## Exercise prompt
Return the line containing "ultimately show False" and all lines after it exactly; stop at the end of the material.
+ + +
lemma tensor_ghz_notin_Dunc:
  assumes \<xi>: "\<xi> \<in> partitions n" and \<pi>: "\<pi> \<in> partitions n"
    and dims: "\<forall>i\<in>Lset n. 1 < d i" and not_refines: "\<not> refines \<xi> \<pi>"
  shows "tensor d n \<xi> (ghz d) \<notin> Dunc d n \<pi>"
proof
  let ?\<rho> = "tensor d n \<xi> (ghz d)"
  assume "?\<rho> \<in> Dunc d n \<pi>"
  then obtain \<sigma>s where \<sigma>s: "?\<rho> = tensor d n \<pi> \<sigma>s" unfolding Dunc_def by blast
  obtain X where X: "X \<in> \<xi>" "\<forall>Y\<in>\<pi>. \<not> X \<subseteq> Y" using not_refines unfolding refines_def by blast
  have X_sub: "X \<subseteq> Lset n" using partitionsD(3)[OF \<xi> X(1)] .
  obtain i where i: "i \<in> X" using partitionsD(4)[OF \<xi> X(1)] by blast
  then obtain Y where Y: "Y \<in> \<pi>" "i \<in> Y" using X_sub partitionsD(2)[OF \<pi>] by blast
  obtain j where j: "j \<in> X" "j \<notin> Y" using X(2) Y(1) by blast
  have res_ones_X: "res (ones_on X) X' = ones_on (if X' = X then X else {})" if "X' \<in> \<xi>" for X'
    using partitionsD(6)[OF \<xi> X(1) that] by (auto simp: res_ones_on)
  have "?\<rho> (ones_on {}) (ones_on {}) \<noteq> 0" "?\<rho> (ones_on X) (ones_on X) \<noteq> 0"
    using X_sub dims res_ones_X
    by (auto simp: tensor_ghz_diag_neq_0_iff[OF \<xi>] ones_on_in_idx res_ones_on ghz_amp_def)
  then have "?\<rho> (\<lambda>k. if k \<in> Y then ones_on X k else ones_on {} k)
                (\<lambda>k. if k \<in> Y then ones_on X k else ones_on {} k) \<noteq> 0"
    unfolding \<sigma>s using X_sub dims
    by (intro tensor_diag_mix_block[OF \<pi> Y(1)]) (auto simp: ones_on_in_idx)
  moreover have "(\<lambda>k. if k \<in> Y then ones_on X k else ones_on {} k) = ones_on (X \<inter> Y)"
    by (auto simp: ones_on_def)
  moreover have "ghz_amp X (res (ones_on (X \<inter> Y)) X) = 0"
    using i j Y(2) by (auto simp: res_ones_on ghz_amp_def ones_on_eq_iff Int_absorb2)
  moreover have "ones_on (X \<inter> Y) \<in> idx d (Lset n)"
    using X_sub dims by (intro ones_on_in_idx) auto
  ultimately show False
    using X(1) tensor_ghz_diag_neq_0_iff[OF \<xi>] by auto
qed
+ + +
## Task answer
  ultimately show False
    using X(1) tensor_ghz_diag_neq_0_iff[OF \<xi>] by auto
qed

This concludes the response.